- What is being asked: Show every line below where "shows" appears.

- Given data:
(* Suppose all transmitters share a common shaping lattice, $\Lambda_{s,1}=\cdots=\Lambda_{s,L}$. Then $\mathcal{R}_{\mathrm{cpr}}=\mathcal{R}_{\mathrm{SW}}$, where $\mathcal{R}_{\mathrm{cpr}}=\{R\in\mathbb{R}^L:\sum_{m\in\mathcal{S}}R_m\ge f(\mathcal{S})\ \forall\mathcal{S}\subseteq\mathcal{I}_L\}$ with $f(\mathcal{S})=\sum_{k=1}^{2L-1}\big(\operatorname{rank}A(\mathcal{I}_L,\mathcal{L}_k)-\operatorname{rank}A(\overline{\mathcal{S}},\mathcal{L}_k)\big)r_{v,k}$, and $\mathcal{R}_{\mathrm{SW}}=\{R\in\mathbb{R}^L:\sum_{m\in\mathcal{S}}R_m\ge H(\{v_m\}_{m\in\mathcal{S}}\mid\{v_m\}_{m\in\overline{\mathcal{S}}})\ \forall\mathcal{S}\subseteq\mathcal{I}_L\}$ is the Slepian–Wolf region.
   Context: Notation: for a lattice $\Lambda\subset\mathbb{R}^n$, $Q_\Lambda(x)$ is the nearest point of $\Lambda$ to $x$ (ties broken by a fixed rule), $x\bmod\Lambda=x-Q_\Lambda(x)$, $\mathcal{V}(\Lambda)=\{x:Q_\Lambda(x)=0\}$. $\mathcal{I}_j=\{1,\dots,j\}$, $\mathcal{I}_0=\emptyset$, $\overline{\mathcal{S}}=\mathcal{I}_L\setminus\mathcal{S}$. Logarithms base 2. $H(\cdot)$, $H(\cdot\mid\cdot)$ are $\frac1n$ times Shannon (conditional) entropy in bits; conditioning on an empty collection is unconditional. Lattice chain (Construction A): $\gamma$ prime, $L,n,K$ positive integers, $G\in\mathbb{F}_\gamma^{n\times K}$ of full column rank over $\mathbb{F}_\gamma$, $B\in\mathbb{R}^{n\times n}$ invertible, $g:\mathbb{F}_\gamma\to\{0,\dots,\gamma-1\}$ natural bijection entrywise; for $0\le i_1\le\cdots\le i_{2L}\le K$, $\Lambda_k=B(\gamma^{-1}g(\{G_kw:w\in\mathbb{F}_\gamma^{i_k}\})+\mathbb{Z}^n)$, $G_k$ = first $i_k$ columns of $G$; $\Lambda_1\subseteq\cdots\subseteq\Lambda_{2L}$; $\mathcal{V}_k=\mathcal{V}(\Lambda_k)$; $r_{v,k}=\frac1n\log|\Lambda_{k+1}\cap\mathcal{V}_k|$. Sources: $\pi$ permutation of $\mathcal{I}_{2L}$ with $\Lambda_{\pi(2l-1)}\subseteq\Lambda_{\pi(2l)}$; $\Lambda_{s,l}=\Lambda_{\pi(2l-1)}$, $\Lambda_{c,l}=\Lambda_{\pi(2l)}$, $\mathcal{C}_l=\Lambda_{c,l}\cap\mathcal{V}(\Lambda_{s,l})$. $t_1,\dots,t_L$ independent, $t_l$ uniform on $\mathcal{C}_l$; $\beta_l>0$; dithers $d_l$ uniform on $\mathcal{V}(\Lambda_{s,l})/\beta_l$, independent of each other and of the $t_l$. $\mathcal{L}_k=\{l:\Lambda_{s,l}\subseteq\Lambda_k\subseteq\Lambda_{k+1}\subseteq\Lambda_{c,l}\}$. Computed codewords: $A=(a_{ml})\in\mathbb{Z}^{L\times L}$ invertible mod $\gamma$; $A(\mathcal{S},\mathcal{S}')$ submatrix with rows $\mathcal{S}$, columns $\mathcal{S}'$; ranks over $\mathbb{F}_\gamma$ after reduction mod $\gamma$, empty matrices have rank $0$. $v_m=\big(\sum_l a_{ml}(t_l-Q_{\Lambda_{s,l}}(t_l-\beta_ld_l))\big)\bmod\Lambda_1$. *)

theory Defs
  imports "HOL-Probability.Probability" "HOL-Combinatorics.Permutations"
begin

definition indep_mod :: "nat \<Rightarrow> ('r \<Rightarrow> 'c \<Rightarrow> int) \<Rightarrow> 'r set \<Rightarrow> 'c set \<Rightarrow> bool" where
  "indep_mod p M R J \<longleftrightarrow>
     (\<forall>c::'c \<Rightarrow> int. (\<forall>r\<in>R. (\<Sum>j\<in>J. c j * M r j) mod int p = 0)
         \<longrightarrow> (\<forall>j\<in>J. c j mod int p = 0))"

definition rank_mod :: "nat \<Rightarrow> ('r \<Rightarrow> 'c \<Rightarrow> int) \<Rightarrow> 'r set \<Rightarrow> 'c set \<Rightarrow> nat" where
  "rank_mod p M R C = Max {card J | J. J \<subseteq> C \<and> finite J \<and> indep_mod p M R J}"

text \<open>Construction A lattice  B (gamma^-1 g({G_i w : w in F_gamma^i}) + Z^n), where G_i is
  the first i columns (columns indexed 1..K) of G.\<close>
definition constrA :: "nat \<Rightarrow> real^'n^'n \<Rightarrow> ('n \<Rightarrow> nat \<Rightarrow> int) \<Rightarrow> nat \<Rightarrow> (real^'n) set" where
  "constrA \<gamma> B G i =
     {B *v ((1 / real \<gamma>) *\<^sub>R (\<chi> r. real_of_int ((\<Sum>j\<in>{1..i}. G r j * w j) mod int \<gamma>))
             + (\<chi> r. real_of_int (z r))) | (w :: nat \<Rightarrow> int) (z :: 'n \<Rightarrow> int). True}"

definition voronoi :: "('v set \<Rightarrow> 'v \<Rightarrow> 'v::zero) \<Rightarrow> 'v set \<Rightarrow> 'v set" where
  "voronoi Q \<Lambda> = {x. Q \<Lambda> x = 0}"

definition modl :: "('v set \<Rightarrow> 'v \<Rightarrow> 'v::minus) \<Rightarrow> 'v set \<Rightarrow> 'v \<Rightarrow> 'v" where
  "modl Q \<Lambda> x = x - Q \<Lambda> x"

text \<open>Nearest-point quantizer for a lattice with a fixed (translation-consistent) tie rule.\<close>
definition nearest_quantizer :: "(real^'n) set \<Rightarrow> (real^'n \<Rightarrow> real^'n) \<Rightarrow> bool" where
  "nearest_quantizer \<Lambda> q \<longleftrightarrow>
     (\<forall>x. q x \<in> \<Lambda>) \<and> (\<forall>x. \<forall>y\<in>\<Lambda>. dist x (q x) \<le> dist x y) \<and>
     (\<forall>x. \<forall>y\<in>\<Lambda>. q (x + y) = q x + y)"

definition cond_entropy_bits :: "'a measure \<Rightarrow> ('a \<Rightarrow> 'b) \<Rightarrow> ('a \<Rightarrow> 'c) \<Rightarrow> real" where
  "cond_entropy_bits M X Y =
     - (\<Sum>(x, y) \<in> (\<lambda>\<omega>. (X \<omega>, Y \<omega>)) ` space M.
          let pxy = measure M {\<omega> \<in> space M. X \<omega> = x \<and> Y \<omega> = y};
              py = measure M {\<omega> \<in> space M. Y \<omega> = y}
          in pxy * log 2 (pxy / py))"

end

(*
  A shaping lattice shared by all users must be the coarsest lattice Lambda_1 of the chain, so
  every dither correction Q(t_l - beta_l d_l) lies in Lambda_1 and disappears modulo Lambda_1: the
  computed codewords are functions of the uniform codewords t_l alone. Writing t_l by its
  Construction A digits, the map t |-> (v_m) for m in R acts, digit level by digit level j, as
  the submatrix of A with rows R and the columns of the users whose fine lattice reaches level j,
  over F_gamma. Its fibres are translates of each other, so the conditional entropy is a
  difference of logarithms of image sizes gamma^rank; grouping the digit levels between
  consecutive lattices of the chain gives f(S).
*)
theory Submission
  imports Defs
begin

lemma eq_if_dvd_diff_bounded:
  fixes x y g :: int
  shows "0 \<le> x \<Longrightarrow> x < g \<Longrightarrow> 0 \<le> y \<Longrightarrow> y < g \<Longrightarrow> g dvd (x - y) \<Longrightarrow> x = y"
  by (metis mod_pos_pos_trivial mod_eq_dvd_iff)

lemma sum_mod_coeffs:
  fixes g :: int
  shows "(\<Sum>l\<in>J. (c l mod g) * M l) mod g = (\<Sum>l\<in>J. c l * M l) mod g"
proof -
  have "(\<Sum>l\<in>J. (c l mod g) * M l) mod g = (\<Sum>l\<in>J. ((c l mod g) * M l) mod g) mod g"
    by (simp add: mod_sum_eq)
  also have "\<dots> = (\<Sum>l\<in>J. (c l * M l) mod g) mod g" by (simp add: mod_mult_left_eq)
  also have "\<dots> = (\<Sum>l\<in>J. c l * M l) mod g" by (simp add: mod_sum_eq)
  finally show ?thesis .
qed

section \<open>Nearest-point quantizers and Voronoi regions\<close>

context
  fixes \<Lambda> :: "(real^'n) set" and Q :: "(real^'n) set \<Rightarrow> real^'n \<Rightarrow> real^'n"
  assumes nearest: "nearest_quantizer \<Lambda> (Q \<Lambda>)"
begin

lemma quantizer_in: "Q \<Lambda> x \<in> \<Lambda>"
  using nearest unfolding nearest_quantizer_def by blast

lemma quantizer_add_lattice: "y \<in> \<Lambda> \<Longrightarrow> Q \<Lambda> (x + y) = Q \<Lambda> x + y"
  using nearest unfolding nearest_quantizer_def by blast

lemma quantizer_nearest: "y \<in> \<Lambda> \<Longrightarrow> dist x (Q \<Lambda> x) \<le> dist x y"
  using nearest unfolding nearest_quantizer_def by blast

lemma quantizer_diff_lattice: "y \<in> \<Lambda> \<Longrightarrow> Q \<Lambda> (x - y) = Q \<Lambda> x - y"
  using quantizer_add_lattice[of y "x - y"] by simp

lemma modl_in_voronoi: "modl Q \<Lambda> x \<in> voronoi Q \<Lambda>"
  using quantizer_diff_lattice[OF quantizer_in, of x x] unfolding modl_def voronoi_def by simp

lemma modl_add_lattice: "y \<in> \<Lambda> \<Longrightarrow> modl Q \<Lambda> (x + y) = modl Q \<Lambda> x"
  unfolding modl_def by (simp add: quantizer_add_lattice)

- Answer area:
  shows "0 \<le> x \<Longrightarrow> x < g \<Longrightarrow> 0 \<le> y \<Longrightarrow> y < g \<Longrightarrow> g dvd (x - y) \<Longrightarrow> x = y"
  shows "(\<Sum>l\<in>J. (c l mod g) * M l) mod g = (\<Sum>l\<in>J. c l * M l) mod g"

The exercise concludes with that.